Kahvaltıdan sonra Harry ikizleri Büyük Salon'un dışındaki odaya kadar izledi ve orada kendisini kimin karşılayacağını merak etti. Sirius elbette gelecekti, ama ikisi de yılın büyük bölümünde Hogwarts'ta yaşadıkları için Harry onu her zaman görüyordu ve Weasley'ler de katılacaktı, ama bunun nedeni ikizlerin yarışıyor olmasıydı.

"Selam, Harry," diye selamladı Tonks onu. Remus da onun yanında duruyordu.

"Siz burada ne yapıyorsunuz?" diye sordu Harry şaşırarak.

"Ben Sirius'un kuzeniyim, bu yüzden sen onun vaftiz oğlu olduğun ve senin velayetine sahip olduğu için, bu bizi neredeyse aile yapıyor" dedi.

"Ve ben senin yedek vaftiz babanım," diye açıkladı Remus.

Harry başını eğdi. "Neden yedek bir vaftiz babasına ihtiyacım olsun ki?"

Remus biraz garip görünüyordu. "Ailen... Sirius'u ölümüne sevdiler, inan bana, ama onun otuzuna ulaşacağına o kadar da inanmıyorlardı. Ne de olsa çok pervasızdı."

"Değildim," diye yalanladı Sirius. "Ve otuz dört yaşına kadar gayet iyi geldim baksana."

"Bu gerçekten o kadar da yaşlı değil," dedi Tonks, Remus'a bakarak araya girdi.

"Pervasız olmadığını nasıl söyleyebilirsin?" Remus talep etti. "Özellikle seni iyi bir on yıl boyunca belirsiz bir şekilde Azkaban'a attıran bir umursamazlık olayını hatırlıyor gibiyim!"

"Pekâlâ, cidden, o iğrenç yere adımımı attığıma dair bu yaygın sanrılar da neyin nesi?" Sirius sordu.

"Belki de buna inanmak, senin trajik bir şekilde yetim kalan vaftiz oğlunu terk etmenden daha kolay geliyordur?" Tonks önerdi.

"Üzgün olduğumu söyledim!" Sirius ısrar etti. "Sen ne düşünüyorsun, Harry?
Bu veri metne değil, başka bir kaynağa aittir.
definition conjugate :: "'a \<Rightarrow> 'a" where
  "conjugate x = x ^ 625"

lemma conjugate_add: "conjugate (a + b) = conjugate a + conjugate b"
  using frobenius_add[of a b 4] by (simp add: conjugate_def)

lemma conjugate_diff: "conjugate (a - b) = conjugate a - conjugate b"
  using frobenius_diff[of a b 4] by (simp add: conjugate_def)

lemma conjugate_minus: "conjugate (- a) = - conjugate a"
  using frobenius_minus[of a 4] by (simp add: conjugate_def)

lemma conjugate_mult: "conjugate (a * b) = conjugate a * conjugate b"
  by (simp add: conjugate_def power_mult_distrib)

lemma conjugate_power: "conjugate (a ^ n) = conjugate a ^ n"
  by (simp add: conjugate_def flip: power_mult) (simp add: mult.commute)

lemma conjugate_conjugate: "conjugate (conjugate a) = a"
  by (simp add: conjugate_def flip: power_mult) (rule power_card_eq_self)

lemma conjugate_two: "conjugate 2 = 2"
  using conjugate_add[of 1 1] by (simp add: conjugate_def[of 1])

lemma conjugate_eq_0_iff: "conjugate a = 0 \<longleftrightarrow> a = 0"
  by (simp add: conjugate_def)

lemma power_3125_eq: "a ^ 3125 = conjugate a ^ 5"
  by (simp add: conjugate_def flip: power_mult)

context
  fixes \<delta> :: 'a
  assumes \<delta>_square: "\<delta> ^ 2 = -1"
begin

lemma \<delta>_power_5: "\<delta> ^ 5 = \<delta>"
proof -
  have "\<delta> ^ 5 = \<delta> * (\<delta> ^ 2) ^ 2"
    by (simp add: eval_nat_numeral)
  then show ?thesis
    using \<delta>_square by simp
qed

lemma \<delta>_mult_\<delta>: "\<delta> * (\<delta> * a) = - a"
  using \<delta>_square by (simp add: power2_eq_square flip: mult.assoc)

lemma conjugate_\<delta>: "conjugate \<delta> = \<delta>"
  using power_power_eq_self[OF \<delta>_power_5, of 4] by (simp add: conjugate_def)

lemmas conjugate_simps = conjugate_add conjugate_diff conjugate_minus conjugate_mult
  conjugate_power conjugate_conjugate conjugate_\<delta> conjugate_two

definition frob_rel :: "'a \<Rightarrow> 'a \<Rightarrow> bool" where
  "frob_rel p w \<longleftrightarrow> w ^ 5 = p * w - \<delta> * conjugate p * conjugate w"

lemma frob_rel_conjugate: "frob_rel p w \<Longrightarrow> frob_rel (conjugate p) (conjugate w)"
  unfolding frob_rel_def by (drule arg_cong[where f = conjugate]) (simp add: conjugate_simps)

lemma frob_rel_of_eigenvector:
  assumes "w ^ 5 + \<delta> * w ^ 3125 = 2 * p * w"
  shows "frob_rel p w"
proof -
  have eq: "w ^ 5 + \<delta> * conjugate w ^ 5 = 2 * p * w"
    using assms by (simp add: power_3125_eq)
  have eq_conj: "conjugate w ^ 5 + \<delta> * w ^ 5 = 2 * conjugate p * conjugate w"
    using arg_cong[where f = conjugate, OF eq] by (simp add: conjugate_simps)
  have "2 * w ^ 5 = (w ^ 5 + \<delta> * conjugate w ^ 5) - \<delta> * (conjugate w ^ 5 + \<delta> * w ^ 5)"
    by (simp add: algebra_simps \<delta>_mult_\<delta>)
  also have "\<dots> = 2 * (p * w - \<delta> * conjugate p * conjugate w)"
    unfolding eq eq_conj by (simp add: algebra_simps)
  finally show ?thesis
    unfolding frob_rel_def using two_nonzero mult_left_cancel by blast
qed

definition alpha :: "'a \<Rightarrow> 'a" where
  "alpha p = p * (p ^ 5 - conjugate p ^ 5)"

definition beta :: "'a \<Rightarrow> 'a" where
  "beta p = - \<delta> * conjugate p * (p ^ 5 + conjugate p ^ 5)"

definition gamma :: "'a \<Rightarrow> 'a" where
  "gamma p = alpha p ^ 25 * alpha p + beta p ^ 25 * beta (conjugate p)"

lemma frob_rel_power_25:
  assumes "frob_rel p w"
  shows "w ^ 25 = alpha p * w + beta p * conjugate w"
proof -
  have w5: "w ^ 5 = p * w - \<delta> * conjugate p * conjugate w"
    using assms unfolding frob_rel_def .
  have w5_conj: "conjugate w ^ 5 = conjugate p * conjugate w - \<delta> * p * w"
    using frob_rel_conjugate[OF assms] unfolding frob_rel_def conjugate_conjugate .
  have "w ^ 25 = (w ^ 5) ^ 5"
    by (simp flip: power_mult)
  also have "\<dots> = p ^ 5 * w ^ 5 - \<delta> * conjugate p ^ 5 * conjugate w ^ 5"
    using frobenius_diff[of _ _ 1] \<delta>_power_5 by (simp add: w5 power_mult_distrib)
  also have "\<dots> = alpha p * w + beta p * conjugate w"
    unfolding w5 w5_conj alpha_def beta_def by (simp add: algebra_simps \<delta>_mult_\<delta>)
  finally show ?thesis .
qed

lemma frob_rel_power_625:
  assumes "frob_rel p w"
  shows "gamma p * w
    = (1 - alpha p ^ 25 * beta p - beta p ^ 25 * alpha (conjugate p)) * conjugate w"
proof -
  have w25: "w ^ 25 = alpha p * w + beta p * conjugate w"
    using frob_rel_power_25[OF assms] .
  have w25_conj: "conjugate w ^ 25 = alpha (conjugate p) * conjugate w + beta (conjugate p) * w"
    using frob_rel_power_25[OF frob_rel_conjugate[OF assms]] unfolding conjugate_conjugate .
  have "conjugate w = (w ^ 25) ^ 25"
    by (simp add: conjugate_def flip: power_mult)
  also have "\<dots> = alpha p ^ 25 * w ^ 25 + beta p ^ 25 * conjugate w ^ 25"
    using frobenius_add[of _ _ 2] by (simp add: w25 power_mult_distrib)
  finally show ?thesis
    unfolding w25 w25_conj gamma_def by (simp add: algebra_simps)
qed

lemma gamma_eq:
  "gamma p = p * (p ^ 25 * (p ^ 5 - conjugate p ^ 5) ^ 26
                  - conjugate p ^ 25 * (p ^ 5 + conjugate p ^ 5) ^ 26)"
proof -
  define a where "a = p ^ 5 - conjugate p ^ 5"
  define b where "b = p ^ 5 + conjugate p ^ 5"
  have "(- \<delta>) ^ 25 = - \<delta>"
    using power_power_eq_self[OF \<delta>_power_5, of 2] by simp
  then have minus_\<delta>: "(- \<delta> * u) ^ 25 * (- \<delta> * v) = - (u ^ 25 * v)" for u v
    by (simp add: power_mult_distrib algebra_simps \<delta>_mult_\<delta>)
  have "beta p = - \<delta> * (conjugate p * b)" and "beta (conjugate p) = - \<delta> * (p * b)"
    unfolding beta_def conjugate_conjugate b_def by (simp_all add: add.commute mult.assoc)
  then have "beta p ^ 25 * beta (conjugate p) = - ((conjugate p * b) ^ 25 * (p * b))"
    by (simp only: minus_\<delta>)
  moreover have "alpha p = p * a"
    unfolding alpha_def a_def ..
  ultimately have "gamma p = (p * a) ^ 25 * (p * a) - (conjugate p * b) ^ 25 * (p * b)"
    unfolding gamma_def by simp
  also have "\<dots> = p * (p ^ 25 * (a ^ 25 * a) - conjugate p ^ 25 * (b ^ 25 * b))"
    by (simp add: power_mult_distrib algebra_simps)
  also have "\<dots> = p * (p ^ 25 * a ^ 26 - conjugate p ^ 25 * b ^ 26)"
    by (simp flip: power_Suc2)
  finally show ?thesis
    unfolding a_def b_def .
qed

lemma gamma_conjugate_eq_zero:
  assumes "gamma p = 0" and "gamma (conjugate p) = 0"
  shows "p = 0"
proof (rule ccontr)
  assume "p \<noteq> 0"
  then have p_conj: "conjugate p \<noteq> 0"
    by (simp add: conjugate_eq_0_iff)
  define a where "a = p ^ 5 - conjugate p ^ 5"
  define b where "b = p ^ 5 + conjugate p ^ 5"
  have "p ^ 25 * a ^ 26 = conjugate p ^ 25 * b ^ 26"
    using assms(1) \<open>p \<noteq> 0\<close> unfolding gamma_eq a_def b_def by simp
  moreover have "conjugate p ^ 25 * a ^ 26 = p ^ 25 * b ^ 26"
  proof -
    have "conjugate p ^ 5 - p ^ 5 = - a"
      unfolding a_def by simp
    then have "(conjugate p ^ 5 - p ^ 5) ^ 26 = a ^ 26"
      by simp
    then show ?thesis
      using assms(2) p_conj unfolding gamma_eq a_def b_def conjugate_conjugate
      by (simp add: add.commute)
  qed
  ultimately have "p ^ 25 = conjugate p ^ 25 \<or> p ^ 25 = - (conjugate p ^ 25) \<or> a ^ 26 = 0 \<and> b ^ 26 = 0"
    by (rule symmetric_products_cases[OF two_nonzero])
  then have "a = 0 \<or> b = 0"
  proof (elim disjE)
    assume "p ^ 25 = conjugate p ^ 25"
    then have "p = conjugate p"
      by (rule power_25_inj)
    then have "p ^ 5 = conjugate p ^ 5"
      by (rule arg_cong)
    then show ?thesis
      unfolding a_def by simp
  next
    assume "p ^ 25 = - (conjugate p ^ 25)"
    then have "p ^ 25 = (- conjugate p) ^ 25"
      by simp
    then have "p = - conjugate p"
      by (rule power_25_inj)
    then have "p ^ 5 = (- conjugate p) ^ 5"
      by (rule arg_cong)
    then show ?thesis
      unfolding b_def by simp
  qed simp
  then have "a = 0 \<and> b = 0"
    using \<open>p ^ 25 * a ^ 26 = conjugate p ^ 25 * b ^ 26\<close> \<open>p \<noteq> 0\<close> p_conj by auto
  moreover have "2 * p ^ 5 = a + b"
    unfolding a_def b_def by simp
  ultimately have "2 * p ^ 5 = 0"
    by simp
  then show False
    using two_nonzero \<open>p \<noteq> 0\<close> by simp
qed

lemma frob_rel_dependent_ratio_fixed:
  assumes "frob_rel p y" and "frob_rel p z" and "z \<noteq> 0"
    and "y * conjugate z = z * conjugate y"
  shows "(y / z) ^ 5 = y / z"
proof -
  define t where "t = y / z"
  have y: "y = t * z" and y_conj: "conjugate y = t * conjugate z"
    using assms(3,4) unfolding t_def by (simp_all add: field_simps)
  have "t ^ 5 * z ^ 5 = y ^ 5"
    by (simp add: y power_mult_distrib)
  also have "\<dots> = t * (p * z - \<delta> * conjugate p * conjugate z)"
    using assms(1) unfolding frob_rel_def y_conj by (simp add: y algebra_simps)
  also have "\<dots> = t * z ^ 5"
    using assms(2) unfolding frob_rel_def by simp
  finally have "t ^ 5 = t"
    using assms(3) by simp
  then show ?thesis
    unfolding t_def .
qed

lemma frob_rel_ratio_fixed:
  assumes y: "frob_rel p y" "y \<noteq> 0" and z: "frob_rel p z" "z \<noteq> 0"
  shows "(y / z) ^ 5 = y / z"
proof (cases "y * conjugate z = z * conjugate y")
  case True
  then show ?thesis
    using frob_rel_dependent_ratio_fixed y z by blast
next
  case False
  have "gamma p = 0"
    using frob_rel_power_625[OF y(1)] frob_rel_power_625[OF z(1)] False
    by (rule coeff_zero_of_independent)
  moreover have "gamma (conjugate p) = 0"
  proof -
    define g where "g = 1 - alpha (conjugate p) ^ 25 * beta (conjugate p)
                          - beta (conjugate p) ^ 25 * alpha p"
    have "gamma (conjugate p) * conjugate w = g * w" if "frob_rel p w" for w
      using frob_rel_power_625[OF frob_rel_conjugate[OF that]]
      unfolding g_def conjugate_conjugate .
    moreover have "conjugate y * z \<noteq> conjugate z * y"
      using False by (simp add: mult.commute)
    ultimately show ?thesis
      using coeff_zero_of_independent y(1) z(1) by blast
  qed
  ultimately have "p = 0"
    by (rule gamma_conjugate_eq_zero)
  then show ?thesis
    using y unfolding frob_rel_def by (simp add: conjugate_def)
qed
Aylak'a sorardım, ama o da belli ki hayal görüyor."

"Peki Harry, Rita Skeeter'ın senin hakkında yazdıkları doğru mu?" Tonks sordu.

"Muhtemelen değil," diye yanıtladı Harry hemen. "Ama emin olmam için biraz daha detay vermelisin."

"Aşk dörtgenin hakkında?" Tonks açıklığa kavuşturdu.

"İkiye bölünmüş aşk üçgeni demek istiyorsun," diye düzeltti Sirius.

"Doğru, o," diye dalgınca onayladı Tonks, Harry'ye ciddi ciddi bakarak.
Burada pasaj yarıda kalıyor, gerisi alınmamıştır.